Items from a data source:
• • • •
lemma mInfP_propagates:
  "r1 = mInfP \<Longrightarrow> s1 = mInfP \<and> t1 = mInfP" "r2 = mInfP \<Longrightarrow> s2 = mInfP \<and> t2 = mInfP"
  using valid S_below_R T_below_S by (auto simp: dle_plus_mInfP_iff)

lemma pInfM_propagates:
  "t1 = pInfM \<Longrightarrow> s1 = pInfM \<and> r1 = pInfM" "t2 = pInfM \<Longrightarrow> s2 = pInfM \<and> r2 = pInfM"
  using valid S_below_R T_below_S by (auto simp: dle_plus_pInfM_iff)

lemma chain_mInfP:
  assumes "r2 = mInfP"
  shows "(dle_plus e r1 s1 \<and> dle_plus e r2 s2) \<or> (dle_plus e s1 t1 \<and> dle_plus e s2 t2)"
proof (cases "r1 = mInfP")
  case True
  then show ?thesis using assms mInfP_propagates dle_plus_refl[OF nonneg] by auto
next
  case False
  have "s2 = mInfP" "t2 = mInfP" using assms mInfP_propagates by auto
  have "t1 \<noteq> mInfP \<and> dle r1 t1"
    using ell_le_params valid False assms \<open>t2 = mInfP\<close>
    by (auto simp: Lclass_p_mInfP ell_p_mInfP split: if_splits)
  then show ?thesis
    using dle_plus_between[OF nonneg, of r1 t1 s1] dle_plus_refl[OF nonneg]
      assms \<open>s2 = mInfP\<close> \<open>t2 = mInfP\<close> by auto
qed

lemma chain_pInfM:
  assumes "t2 = pInfM" "r1 \<noteq> mInfP" "r2 \<noteq> mInfP"
  shows "(dle_plus e r1 s1 \<and> dle_plus e r2 s2) \<or> (dle_plus e s1 t1 \<and> dle_plus e s2 t2)"
proof (cases "t1 = pInfM")
  case True
  then show ?thesis using assms pInfM_propagates dle_plus_refl[OF nonneg] by auto
next
  case False
  have "s2 = pInfM" "r2 = pInfM" using assms pInfM_propagates by auto
  have class_R: "Lclass_p r2 r1 = (if r1 = pInfM then 5 else 4)"
    using Lclass_p_pInfM[OF valid(1) assms(2)] \<open>r2 = pInfM\<close> by simp
  have "t1 \<noteq> mInfP"
  proof
    assume "t1 = mInfP"
    then have "Lclass_p t2 t1 = 2"
      using Lclass_p_mInfP[of pInfM] assms(1)
      by (simp add: Lclass_p_commute[of pInfM] valid_entry_def)
    then show False using ell_le_params class_R by (simp split: if_splits)
  qed
  then have "is_fin t1" using valid(5) False by (simp add: valid_entry_def)
  then have class_T: "Lclass_p t2 t1 = 4"
    using Lclass_p_pInfM[OF valid(5) \<open>t1 \<noteq> mInfP\<close>] False assms(1) by simp
  then have "r1 \<noteq> pInfM" using ell_le_params class_R by auto
  then have "is_fin r1" using valid(1) assms(2) by (simp add: valid_entry_def)
  then have "dle r1 t1"
    using ell_le_params class_R class_T \<open>r1 \<noteq> pInfM\<close> \<open>is_fin t1\<close> assms(1) \<open>r2 = pInfM\<close>
    by (simp add: ell_p_pInfM)
  then show ?thesis
    using dle_plus_between[OF nonneg, of r1 t1 s1] dle_plus_refl[OF nonneg]
      assms \<open>s2 = pInfM\<close> \<open>r2 = pInfM\<close> by auto
qed

lemma chain_finite:
  assumes "r1 \<noteq> mInfP" "r2 \<noteq> mInfP" "t1 \<noteq> pInfM" "t2 \<noteq> pInfM"
  shows "(dle_plus e r1 s1 \<and> dle_plus e r2 s2) \<or> (dle_plus e s1 t1 \<and> dle_plus e s2 t2)"
proof -
  have "Lclass_p r2 r1 = 3" "Lclass_p t2 t1 = 3"
    using Lclass_p_ge_3[of r2 r1] Lclass_p_le_3[of t2 t1] ell_le_params valid assms
    by auto
  then have fin: "is_fin r1" "is_fin r2" "is_fin t1" "is_fin t2"
    using valid by (auto simp: Lclass_p_eq_3_iff)
  have "s1 \<noteq> mInfP" "s2 \<noteq> mInfP"
    using T_below_S dle_plus_mInfP_iff[OF valid(5)] dle_plus_mInfP_iff[OF valid(6)] fin(3,4)
    by (auto simp: is_fin_def)
  moreover have "s1 \<noteq> pInfM" "s2 \<noteq> pInfM"
    using S_below_R dle_plus_pInfM_iff[OF valid(1)] dle_plus_pInfM_iff[OF valid(2)] fin(1,2)
    by (auto simp: is_fin_def)
  ultimately obtain x1 x2 y1 y2 z1 z2 :: real and a1 a2 b1 b2 c1 c2 where
    "r1 = (Fin x1, a1)" "r2 = (Fin x2, a2)" "s1 = (Fin y1, b1)" "s2 = (Fin y2, b2)"
    "t1 = (Fin z1, c1)" "t2 = (Fin z2, c2)"
    using fin valid unfolding valid_entry_def is_fin_def by (metis prod.collapse)
  moreover have "dle (dadd r2 r1) (dadd t2 t1)"
    using ell_le_params fin \<open>Lclass_p r2 r1 = 3\<close> \<open>Lclass_p t2 t1 = 3\<close>
    by (simp add: ell_p_fin)
  ultimately show ?thesis
    using dle_plus_Fin_chain[OF nonneg, of y1 b1 x1 a1 y2 b2 x2 a2 z1 c1 z2 c2] S_below_R T_below_S
    by simp
qed

lemma R_below_S_or_S_below_T:
  "(dle_plus e r1 s1 \<and> dle_plus e r2 s2) \<or> (dle_plus e s1 t1 \<and> dle_plus e s2 t2)"
proof -
  consider "r2 = mInfP" | "r1 = mInfP"
    | "r1 \<noteq> mInfP" "r2 \<noteq> mInfP" "t2 = pInfM"
    | "r1 \<noteq> mInfP" "r2 \<noteq> mInfP" "t1 = pInfM"
    | "r1 \<noteq> mInfP" "r2 \<noteq> mInfP" "t1 \<noteq> pInfM" "t2 \<noteq> pInfM"
    by blast
  then show ?thesis
  proof cases
    case 1
    then show ?thesis by (rule chain_mInfP)
  next
    case 2
    then show ?thesis using L_endpoint_chain.chain_mInfP[OF swap_branches] by blast
  next
    case 3
    then show ?thesis using chain_pInfM by blast
  next
    case 4
    then show ?thesis using L_endpoint_chain.chain_pInfM[OF swap_branches] by blast
  next
    case 5
    then show ?thesis by (rule chain_finite)
  qed
qed

end

lemma Lfam_vimage_shift_chain:
  assumes "R \<in> Lfam" "S \<in> Lfam" "T \<in> Lfam" "le_ell R T" "0 \<le> e"
    and "shift e -` S \<subseteq> R" "shift e -` T \<subseteq> S"
  shows "shift e -` R \<subseteq> S \<or> shift e -` S \<subseteq> T"
proof -
  obtain r2 r1 where r: "valid_entry r2" "valid_entry r1" "R = Lset r2 r1"
    using Lfam_LsetE[OF assms(1)] .
  obtain s2 s1 where s: "valid_entry s2" "valid_entry s1" "S = Lset s2 s1"
    using Lfam_LsetE[OF assms(2)] .
  obtain t2 t1 where t: "valid_entry t2" "valid_entry t1" "T = Lset t2 t1"
    using Lfam_LsetE[OF assms(3)] .
  interpret L_endpoint_chain e r1 r2 s1 s2 t1 t2
    using assms r s t by unfold_locales (simp_all add: vimage_shift_Lset_subset_iff)
  show ?thesis
    using R_below_S_or_S_below_T r s t by (simp add: vimage_shift_Lset_subset_iff)
qed

theorem lemma4p14:
  fixes R S T :: "bp set" and e :: real
  assumes "R \<in> Lfam" and "S \<in> Lfam" and "T \<in> Lfam"
    and "le_ell R T" and "e \<ge> 0"
    and "\<exists>\<phi>. is_mor (imod R :: 'k::field pmod) (shiftmod e (imod S)) \<phi> \<and> nonzero_mor (imod R :: 'k pmod) \<phi>"
    and "\<exists>\<psi>. is_mor (imod S :: 'k pmod) (shiftmod e (imod T)) \<psi> \<and> nonzero_mor (imod S :: 'k pmod) \<psi>"
  shows "interleaved e (imod S :: 'k pmod) (imod R) \<or> interleaved e (imod S :: 'k pmod) (imod T)"
proof -
  have NInf: "NInf \<in> R" "NInf \<in> S" "NInf \<in> T"
    using assms(1-3) by (simp_all add: Lfam_def)
  have "shift e -` S \<subseteq> R" "shift e -` T \<subseteq> S"
    using assms(6,7) nonzero_mor_imod_vimage_shift_subset NInf by blast+
  then show ?thesis
    using Lfam_vimage_shift_chain[OF assms(1-5)] assms(1-3)
      interleaved_imod_if_vimage_shift_subsets by blast
qed

end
• • • •
TASK GOAL: Going through the data, count each line where the word "obtain" appears, and state only the total.

RESULT OF THE EXERCISE: 4